Personal information
- Date of birth: 28 May 1959 (age 66)
- Place of birth: Cannes, France
- Position: Goalkeeper

Senior career*
- Years: Team / Apps / (Gls)
- 1978–1981: Cannes / 66 / (0)
- 1981–1983: Nice / 17 / (0)
- 1983–1984: Alès / 34 / (0)
- 1984–1986: Cannes / 31 / (0)
- 1986: Montceau / 1 / (0)
- 1986–1996: Cannes / 128 / (0)
- Total:  / 277 / (0)

Managerial career
- 2002–2004: Guinea
- 2006–2007: Cannes
- 2008–2010: Benin
- 2010–2013: Guinea
- 2014–2015: Guinea
- 2015–2017: Ivory Coast
- 2018–2021: Benin
- 2024–2025: Guinea

= Michel Dussuyer =

French football player and manager (born 1959)

Michel Dussuyer (born 28 May 1959) is a French football coach and former professional player.

==Playing career==
Dussuyer played club football as a goalkeeper for Cannes, Nice and Alès.

==Coaching career==
Dussuyer was an assistant coach at Cannes between 1996 and 2002.

He was appointed as manager of the Guinea national team in September 2002. He led them to the 2004 African Cup of Nations, their first appearance in the competition since 1998. The country reached the quarter-finals of the competition - their best result in 30 years - but he resigned in March 2004, citing family reasons.

In 2006, he was an assistant coach to Henri Michel for the Ivory Coast national team, for the 2006 Africa Cup of Nations. He returned to Cannes as manager, from 2006 to 2007.

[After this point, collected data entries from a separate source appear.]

(* Let $\mathcal S\subseteq\mathbb{R}^3$ be the subset generated by a pair of distinct lines in the plane. (1) If $\mathcal S$ is an HR-cone but not a unit cone, then $\mathcal S$ has a unique pair of generating lines; writing $\mathcal S=(A,{\bf a})$, these lines are the zero set (degenerate hyperbola) $\{{\bf x}\in\mathbb{R}^2: ({\bf x}-{\bf a})^T(A-I)({\bf x}-{\bf a})=0\}$. (2) $\mathcal S$ is a unit cone if and only if the generating lines for $\mathcal S$ are orthogonal, which holds if and only if the cone matrix of $\mathcal S$ is $I$. In this case, the lines in every pair of generating lines for $\mathcal S$ cross at the same point, and every pair of orthogonal lines crossing at this point generates $\mathcal S$.
   Context: For distinct lines $L_1,L_2$ in the plane, the subset of $\mathbb{R}^3$ generated by them is the set of all points $(x,y,\pm z)$ such that $2z$ is the length of a line segment with one endpoint on $L_1$, the other on $L_2$, and midpoint $(x,y)$; $L_1,L_2$ are then called a pair of generating lines for this set. For a symmetric positive definite $2\times 2$ matrix $A$ and ${\bf a}\in\mathbb{R}^2$, the elliptical cone $(A,{\bf a})$ is $\{(x,y,z)\in\mathbb{R}^3: z^2=({\bf x}-{\bf a})^TA({\bf x}-{\bf a}),\ {\bf x}=(x,y)^T\}$, with cone matrix $A$ (uniquely determined by the set). It is an HR-cone if $\det A=1$, and a unit cone if $A=I$, the $2\times2$ identity matrix. *)

theory Defs
  imports "HOL-Analysis.Analysis"
begin

definition line_through :: "real^2 \<Rightarrow> real^2 \<Rightarrow> (real^2) set" where
  "line_through p d = {p + t *\<^sub>R d | t. True}"

definition is_line :: "(real^2) set \<Rightarrow> bool" where
  "is_line L \<longleftrightarrow> (\<exists>p d. d \<noteq> 0 \<and> L = line_through p d)"

definition orthogonal_lines :: "(real^2) set \<Rightarrow> (real^2) set \<Rightarrow> bool" where
  "orthogonal_lines L1 L2 \<longleftrightarrow>
     (\<exists>p d q e. d \<noteq> 0 \<and> e \<noteq> 0 \<and> L1 = line_through p d \<and> L2 = line_through q e \<and> d \<bullet> e = 0)"

definition generated_set :: "(real^2) set \<Rightarrow> (real^2) set \<Rightarrow> ((real^2) \<times> real) set" where
  "generated_set L1 L2 =
     {(m, w) | m w. \<exists>P\<in>L1. \<exists>Q\<in>L2. m = (1/2) *\<^sub>R (P + Q) \<and> 2 * \<bar>w\<bar> = dist P Q}"

definition generating_pair :: "((real^2) \<times> real) set \<Rightarrow> (real^2) set \<Rightarrow> (real^2) set \<Rightarrow> bool" where
  "generating_pair S L1 L2 \<longleftrightarrow> is_line L1 \<and> is_line L2 \<and> L1 \<noteq> L2 \<and> generated_set L1 L2 = S"

definition sym_pos_def :: "real^2^2 \<Rightarrow> bool" where
  "sym_pos_def A \<longleftrightarrow> transpose A = A \<and> (\<forall>x. x \<noteq> 0 \<longrightarrow> x \<bullet> (A *v x) > 0)"
text \<open>z_y = P_(2) iota_y(P_(1)); computed via any linear extension of iota_y to H
  (the result only depends on iota_y restricted to _P V, which contains the left legs).\<close>
definition zy ::
  "('k::field \<Rightarrow> 'h::ring_1 \<Rightarrow> 'h) \<Rightarrow> ('h \<Rightarrow> ('h \<times> 'h) list) \<Rightarrow> ('h \<Rightarrow> 'h) \<Rightarrow> 'h \<Rightarrow> 'h \<Rightarrow> 'h" where
  "zy sc D S P y =
     (let f = (SOME f. lin_map sc f \<and> (\<forall>x\<in>PV sc D P. f x = iota sc D S P y x))
      in (\<Sum>(a,b)\<leftarrow>D P. b * f a))"

definition right_module ::
  "'h::ring_1 set \<Rightarrow> 'h \<Rightarrow> 'm::ab_group_add set \<Rightarrow> ('m \<Rightarrow> 'h \<Rightarrow> 'm) \<Rightarrow> bool" where
  "right_module V e M act \<longleftrightarrow>
     0 \<in> M \<and> (\<forall>x\<in>M. \<forall>y\<in>M. x + y \<in> M) \<and> (\<forall>x\<in>M. - x \<in> M) \<and>
     (\<forall>x\<in>M. \<forall>a\<in>V. act x a \<in> M) \<and>
     (\<forall>x\<in>M. \<forall>y\<in>M. \<forall>a\<in>V. act (x + y) a = act x a + act y a) \<and>
     (\<forall>x\<in>M. \<forall>a\<in>V. \<forall>b\<in>V. act x (a + b) = act x a + act x b) \<and>
     (\<forall>x\<in>M. \<forall>a\<in>V. \<forall>b\<in>V. act x (a * b) = act (act x a) b) \<and>
     (\<forall>x\<in>M. act x e = x)"

definition submodule ::
  "'h::ring_1 set \<Rightarrow> 'm::ab_group_add set \<Rightarrow> ('m \<Rightarrow> 'h \<Rightarrow> 'm) \<Rightarrow> 'm set \<Rightarrow> bool" where
  "submodule V M act N \<longleftrightarrow> N \<subseteq> M \<and> 0 \<in> N \<and> (\<forall>x\<in>N. \<forall>y\<in>N. x + y \<in> N) \<and>
     (\<forall>x\<in>N. - x \<in> N) \<and> (\<forall>x\<in>N. \<forall>a\<in>V. act x a \<in> N)"

definition completely_reducible ::
  "'h::ring_1 set \<Rightarrow> 'm::ab_group_add set \<Rightarrow> ('m \<Rightarrow> 'h \<Rightarrow> 'm) \<Rightarrow> bool" where
  "completely_reducible V M act \<longleftrightarrow>
     (\<forall>N. submodule V M act N \<longrightarrow>
        (\<exists>N'. submodule V M act N' \<and> N \<inter> N' = {0} \<and> {x + y | x y. x \<in> N \<and> y \<in> N'} = M))"

definition semisimple_alg :: "'h::ring_1 set \<Rightarrow> bool" where
  "semisimple_alg V \<longleftrightarrow> completely_reducible V V (\<lambda>x a. x * a)"

end

(*
  For a in V_P, right group-likeness of P gives (1 \<otimes> a) \<Delta>(P) = (S(a) \<otimes> 1) \<Delta>(P). This makes
  z_y = P_(2) \<iota>_y(P_(1)) central in V_P, and it turns the average a \<mapsto> E(a P_(2)) \<iota>_y(P_(1)) of any
  k-linear projection E of V_P onto a right ideal J into a right V_P-linear map into J which acts on J
  as right multiplication by z_y. Correcting by z_y\<inverse> yields a V_P-linear retraction onto J, so
  every right ideal is a direct summand, and a Zorn's lemma argument extends this to all right
  V_P-modules.
  The map a \<mapsto> S(a) y is injective, so that \<iota>_y is well defined, because it maps V_P onto _PV and
  pairing the two legs of \<Delta>(P) shows dim _PV \<ge> dim V_P.
*)

theory Submission
  imports Defs
begin

lemma vector_space_scalars: "vector_space ((*) :: 'k::field \<Rightarrow> 'k \<Rightarrow> 'k)"
  by unfold_locales (auto simp: algebra_simps)

lemma vector_space_pair_scalars:
  "vector_space s \<Longrightarrow> vector_space_pair s ((*) :: 'k::field \<Rightarrow> 'k \<Rightarrow> 'k)"
  using vector_space_scalars by (simp add: vector_space_pair_def)

lemma linear_iff_preserves_affine_combination:
  assumes "vector_space_pair s1 s2"
  shows "Vector_Spaces.linear s1 s2 f \<longleftrightarrow> (\<forall>c x y. f (s1 c x + y) = s2 c (f x) + f y)"
proof
  interpret vector_space_pair s1 s2 by fact
  show "\<forall>c x y. f (s1 c x + y) = s2 c (f x) + f y" if "Vector_Spaces.linear s1 s2 f"
    using that by (simp add: linear_add linear_scale)
  assume affine: "\<forall>c x y. f (s1 c x + y) = s2 c (f x) + f y"
  have add: "f (x + y) = f x + f y" for x y
    using affine[rule_format, of 1 x y] by simp
  have "f 0 = 0"
    using add[of 0 0] by simp
  then have "f (s1 c x) = s2 c (f x)" for c x
    using affine[rule_format, of c x 0] by simp
  with add show "Vector_Spaces.linear s1 s2 f"
    by (simp add: Vector_Spaces.linear_iff vs1.vector_space_axioms vs2.vector_space_axioms)
qed

lemma lin_fun_iff_linear: "vector_space sc \<Longrightarrow> lin_fun sc \<phi> \<longleftrightarrow> Vector_Spaces.linear sc (*) \<phi>"
  by (simp add: lin_fun_def linear_iff_preserves_affine_combination vector_space_pair_scalars)

lemma lin_map_iff_linear: "vector_space sc \<Longrightarrow> lin_map sc f \<longleftrightarrow> Vector_Spaces.linear sc sc f"
  by (simp add: lin_map_def linear_iff_preserves_affine_combination vector_space_pair_def)

lemma sum_list_pairs_cong:
  "(\<And>a b. (a, b) \<in> set xs \<Longrightarrow> F a b = G a b) \<Longrightarrow> (\<Sum>(a,b)\<leftarrow>xs. F a b) = (\<Sum>(a,b)\<leftarrow>xs. G a b)"
  by (induction xs) auto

He was appointed as manager of the Benin national team in June 2008. He was sacked in February 2010, along with the rest of the coaching staff. He claimed he was not informed of his sacking by the Benin Football Federation.

In May 2010 he returned as manager of Guinea. After leaving in late 2013, he was re-appointed in February 2014. After taking Guinea to the quarter-finals of the 2015 Africa Cup of Nations, he became manager of the Ivory Coast national team in July 2015.

Dussuyer resigned from his role as Ivory Coast manager after the team failed to reach the quarter-finals of the 2017 Africa Cup of Nations.

In December 2017 he was linked with the vacant Benin national team manager's job. He was appointed to the role in August 2018 and was in charge of Benin at the 2019 Africa Cup of Nations. He was sacked by Benin in June 2021. He again coached the Guinea national team from September 2024 until mid-2025.